Collected data entries
lemma critical_mem: "critical w q k S \<Longrightarrow> k \<in> S"
  unfolding critical_def by (cases "k \<in> S") auto

lemma critical_merged_iff:
  assumes "finite T" "S \<subseteq> merged_players P T" "X \<in> merged_players P T"
  shows "critical (merged_weight w) q X S \<longleftrightarrow> winning w q (\<Union>S) \<and> \<not> winning w q (\<Union>S - X)"
proof -
  have "S - {X} \<subseteq> merged_players P T" using assms by blast
  then show ?thesis
    unfolding critical_def winning_def
    using sum_merged_weight[OF assms(1,2)] sum_merged_weight[OF assms(1), of "S - {X}"]
      Union_Diff_block[OF assms(2,3)]
    by simp
qed

lemma eta_merged_card_Union:
  assumes "T \<noteq> {}"
  shows "eta (merged_players P T) (merged_weight w) q X
       = card (Union ` {S. S \<subseteq> merged_players P T \<and> critical (merged_weight w) q X S})"
  unfolding eta_def
  by (rule card_image[symmetric], rule inj_on_subset[OF inj_on_Union_merged[OF assms]]) auto

lemma eta_merged_singleton_le:
  assumes "finite P" "T \<subseteq> P" "T \<noteq> {}" "k \<in> P - T"
  shows "eta (merged_players P T) (merged_weight w) q {k} \<le> eta P w q k"
proof -
  let ?M = "merged_players P T"
  have finT: "finite T" using assms(1,2) finite_subset by blast
  have kM: "{k} \<in> ?M" using assms(4) by (auto simp: merged_players_def)
  have "Union ` {S. S \<subseteq> ?M \<and> critical (merged_weight w) q {k} S}
        \<subseteq> {U. U \<subseteq> P \<and> critical w q k U}"
  proof (rule image_subsetI, clarify)
    fix S assume S: "S \<subseteq> ?M" "critical (merged_weight w) q {k} S"
    have "\<Union>S \<subseteq> P" using S(1) merged_players_subset[OF assms(2)] by blast
    moreover have "critical w q k (\<Union>S)"
      using S critical_merged_iff[OF finT S(1) kM] unfolding critical_def by simp
    ultimately show "\<Union>S \<subseteq> P \<and> critical w q k (\<Union>S)" ..
  qed
  then show ?thesis
    unfolding eta_merged_card_Union[OF assms(3)]
    by (subst eta_def, intro card_mono) (use assms(1) in auto)
qed

text \<open>If T = {i,j} is critical in a merged coalition with union U, then either i is
  critical in U, or j is critical in U without i.\<close>

lemma eta_merged_pair_le:
  assumes "finite P" "i \<in> P" "j \<in> P"
  shows "eta (merged_players P {i,j}) (merged_weight w) q {i,j} \<le> eta P w q i + eta P w q j"
proof -
  let ?M = "merged_players P {i,j}"
  let ?Ci = "{S. S \<subseteq> P \<and> critical w q i S}"
  let ?Cj = "{S. S \<subseteq> P \<and> critical w q j S}"
  have TM: "{i,j} \<in> ?M" by (auto simp: merged_players_def)
  have fin: "finite ?Ci" "finite ?Cj" using assms(1) by auto
  have unions: "Union ` {S. S \<subseteq> ?M \<and> critical (merged_weight w) q {i,j} S}
                \<subseteq> ?Ci \<union> insert i ` ?Cj"
  proof (rule image_subsetI)
    fix S assume "S \<in> {S. S \<subseteq> ?M \<and> critical (merged_weight w) q {i,j} S}"
    then have S: "S \<subseteq> ?M" "critical (merged_weight w) q {i,j} S" by simp_all
    define U where "U = \<Union>S"
    have UP: "U \<subseteq> P" using S(1) merged_players_subset[of "{i,j}" P] assms unfolding U_def by blast
    have iU: "i \<in> U" using critical_mem[OF S(2)] unfolding U_def by blast
    have win: "winning w q U" and lose: "\<not> winning w q (U - {i,j})"
      using critical_merged_iff[OF _ S(1) TM] S(2) unfolding U_def by auto
    have "U \<in> ?Ci \<union> insert i ` ?Cj"
    proof (cases "winning w q (U - {i})")
      case False
      then show ?thesis using win UP unfolding critical_def by simp
    next
      case True
      have "U - {i} - {j} = U - {i,j}" by blast
      then have "U - {i} \<in> ?Cj" using True lose UP unfolding critical_def by auto
      moreover have "U = insert i (U - {i})" using iU by blast
      ultimately show ?thesis by blast
    qed
    then show "\<Union>S \<in> ?Ci \<union> insert i ` ?Cj" unfolding U_def .
  qed
  have "eta ?M (merged_weight w) q {i,j}
        = card (Union ` {S. S \<subseteq> ?M \<and> critical (merged_weight w) q {i,j} S})"
    by (rule eta_merged_card_Union) simp
  also have "\<dots> \<le> card (?Ci \<union> insert i ` ?Cj)"
    using unions fin by (intro card_mono) auto
  also have "\<dots> \<le> card ?Ci + card (insert i ` ?Cj)" by (rule card_Un_le)
  also have "\<dots> \<le> card ?Ci + card ?Cj" using card_image_le[OF fin(2)] by simp
  finally show ?thesis unfolding eta_def .
qed

lemma sum_eta_merged_le:
  assumes "finite P" "i \<in> P" "j \<in> P" "i \<noteq> j"
  shows "(\<Sum>X\<in>merged_players P {i,j}. real (eta (merged_players P {i,j}) (merged_weight w) q X))
       \<le> (\<Sum>k\<in>P. real (eta P w q k))"
proof -
  let ?e' = "\<lambda>X. real (eta (merged_players P {i,j}) (merged_weight w) q X)"
  let ?e = "\<lambda>k. real (eta P w q k)"
  let ?R = "P - {i,j}"
  have finR: "finite ?R" using assms(1) by simp
  have "(\<Sum>X\<in>merged_players P {i,j}. ?e' X) = ?e' {i,j} + (\<Sum>k\<in>?R. ?e' {k})"
    unfolding merged_players_insert using finR assms(4)
    by (subst sum.insert) (auto simp: sum.reindex inj_on_def)
  also have "\<dots> \<le> (?e i + ?e j) + (\<Sum>k\<in>?R. ?e k)"
  proof (rule add_mono)
    show "?e' {i,j} \<le> ?e i + ?e j"
      using eta_merged_pair_le[OF assms(1-3), of w q] by (metis of_nat_add of_nat_le_iff)
    show "(\<Sum>k\<in>?R. ?e' {k}) \<le> (\<Sum>k\<in>?R. ?e k)"
      using eta_merged_singleton_le[OF assms(1), of "{i,j}"] assms(2,3)
      by (intro sum_mono) simp
  qed
  also have "\<dots> = (\<Sum>k\<in>P. ?e k)"
  proof -
    have "(\<Sum>k\<in>P - {i}. ?e k) = ?e j + (\<Sum>k\<in>P - {i} - {j}. ?e k)"
      using assms by (intro sum.remove) auto
    moreover have "P - {i} - {j} = ?R" by blast
    ultimately show ?thesis using sum.remove[OF assms(1,2), of ?e] by simp
  qed
  finally show ?thesis .
qed

text \<open>If w j \<ge> w i, adding j is injective on the coalitions in which i is critical:
  two of them differing only in j would let j replace i in a losing coalition.\<close>

lemma inj_on_insert_critical:
  fixes w :: "'p \<Rightarrow> real"
  assumes "finite P" "i \<noteq> j" "w j \<ge> w i"
  shows "inj_on (insert j) {S. S \<subseteq> P \<and> critical w q i S}"
proof -
  have no_swap: False
    if S1: "S1 \<subseteq> P" "critical w q i S1" and S2: "S2 \<subseteq> P" "critical w q i S2"
      and "j \<notin> S2" and eq: "S1 = insert j S2" for S1 S2
  proof -
    have f2: "finite S2" using S2(1) assms(1) finite_subset by blast
    have "S1 - {i} = insert j (S2 - {i})" using eq assms(2) by blast
    hence "sum w (S1 - {i}) = w j + sum w (S2 - {i})" using f2 \<open>j \<notin> S2\<close> by simp
    moreover have "sum w S2 = w i + sum w (S2 - {i})"
      using sum.remove[OF f2 critical_mem[OF S2(2)]] .
    moreover have "sum w (S1 - {i}) < q" "sum w S2 \<ge> q"
      using S1(2) S2(2) unfolding critical_def winning_def by auto
    ultimately show False using assms(3) by linarith
  qed
  show ?thesis
  proof (rule inj_onI)
    fix S1 S2 assume S: "S1 \<in> {S. S \<subseteq> P \<and> critical w q i S}" "S2 \<in> {S. S \<subseteq> P \<and> critical w q i S}"
      and eq: "insert j S1 = insert j S2"
    consider "j \<in> S1 \<longleftrightarrow> j \<in> S2" | "j \<in> S1" "j \<notin> S2" | "j \<notin> S1" "j \<in> S2" by blast
    then show "S1 = S2"
    proof cases
      case 1
      show ?thesis
      proof (rule set_eqI)
        fix x
        from eq have "x \<in> insert j S1 \<longleftrightarrow> x \<in> insert j S2" by simp
        then show "x \<in> S1 \<longleftrightarrow> x \<in> S2" using 1 by (cases "x = j") auto
      qed
    next
      case 2
      then have "S1 = insert j S2" using eq by (metis insert_absorb)
      then show ?thesis using no_swap[of S1 S2] S 2 by simp
    next
      case 3
      then have "S2 = insert j S1" using eq by (metis insert_absorb)
      then show ?thesis using no_swap[of S2 S1] S 3 by simp
    qed
  qed
qed

lemma insert_critical_in_merged:
  assumes "finite P" "j \<in> P" "\<forall>k\<in>P. w k \<ge> (0::real)"
    and S: "S \<subseteq> P" "critical w q i S"
  shows "insert j S \<in> Union ` {S. S \<subseteq> merged_players P {i,j} \<and> critical (merged_weight w) q {i,j} S}"
proof -
  let ?M = "merged_players P {i,j}"
  define U where "U = insert j S"
  define S' where "S' = {X \<in> ?M. X \<subseteq> U}"
  have TM: "{i,j} \<in> ?M" by (auto simp: merged_players_def)
  have fS: "finite S" using S(1) assms(1) finite_subset by blast
  have S'M: "S' \<subseteq> ?M" unfolding S'_def by blast
  have US': "\<Union>S' = U"
    unfolding S'_def
    by (rule Union_blocks) (use S(1) assms(2) critical_mem[OF S(2)] in \<open>auto simp: U_def\<close>)
  have "sum w S \<le> sum w U"
  proof (cases "j \<in> S")
    case False
    then have "sum w U = w j + sum w S" using fS unfolding U_def by simp
    then show ?thesis using assms(2,3) by auto
  qed (simp add: U_def insert_absorb)
  then have win: "winning w q U" using S(2) unfolding critical_def winning_def by linarith
  have "sum w (U - {i,j}) \<le> sum w (S - {i})"
  proof (rule sum_mono2)
    show "finite (S - {i})" using fS by simp
    show "U - {i,j} \<subseteq> S - {i}" unfolding U_def by blast
    show "\<And>k. k \<in> S - {i} - (U - {i,j}) \<Longrightarrow> 0 \<le> w k" using S(1) assms(3) by blast
  qed
  then have lose: "\<not> winning w q (U - {i,j})"
    using S(2) unfolding critical_def winning_def by linarith
  have "critical (merged_weight w) q {i,j} S'"
    using critical_merged_iff[OF _ S'M TM] US' win lose by simp
  then show ?thesis using S'M US' unfolding U_def by blast
qed

lemma eta_le_eta_merged_pair:
  assumes "finite P" "j \<in> P" "i \<noteq> j" "\<forall>k\<in>P. w k \<ge> 0" "w j \<ge> w i"
  shows "eta P w q i \<le> eta (merged_players P {i,j}) (merged_weight w) q {i,j}"
proof -
  let ?M = "merged_players P {i,j}"
  have "finite {S. S \<subseteq> ?M \<and> critical (merged_weight w) q {i,j} S}"
    using finite_merged_players[OF assms(1)] by simp
  then have "card {S. S \<subseteq> P \<and> critical w q i S}
        \<le> card (Union ` {S. S \<subseteq> ?M \<and> critical (merged_weight w) q {i,j} S})"
    using inj_on_insert_critical[OF assms(1,3,5)] insert_critical_in_merged[OF assms(1,2,4)]
    by (intro card_inj_on_le[where f = "insert j"]) auto
  also have "card (Union ` {S. S \<subseteq> ?M \<and> critical (merged_weight w) q {i,j} S})
             = eta ?M (merged_weight w) q {i,j}"
    by (rule eta_merged_card_Union[symmetric]) simp
  finally show ?thesis unfolding eta_def[of P] .
qed

lemma ratio_mono:
  fixes a a' A B :: real
  assumes "0 \<le> a" "a \<le> a'" "a' \<le> A" "A \<le> B"
  shows "a / B \<le> a' / A"
proof (cases "A = 0")
  case True
  then have "a = 0" using assms by linarith
  then show ?thesis using True by simp
next
  case False
  then have "A > 0" using assms by linarith
  then have "a / B \<le> a / A" using assms by (intro divide_left_mono) auto
  also have "\<dots> \<le> a' / A" using \<open>A > 0\<close> assms by (intro divide_right_mono) auto
  finally show ?thesis .
qed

WORK TO COMPLETE: Which lines above contain the word "finT"? Copy each one.

TASK RESULT:
  have finT: "finite T" using assms(1,2) finite_subset by blast
      using S critical_merged_iff[OF finT S(1) kM] unfolding critical_def by simp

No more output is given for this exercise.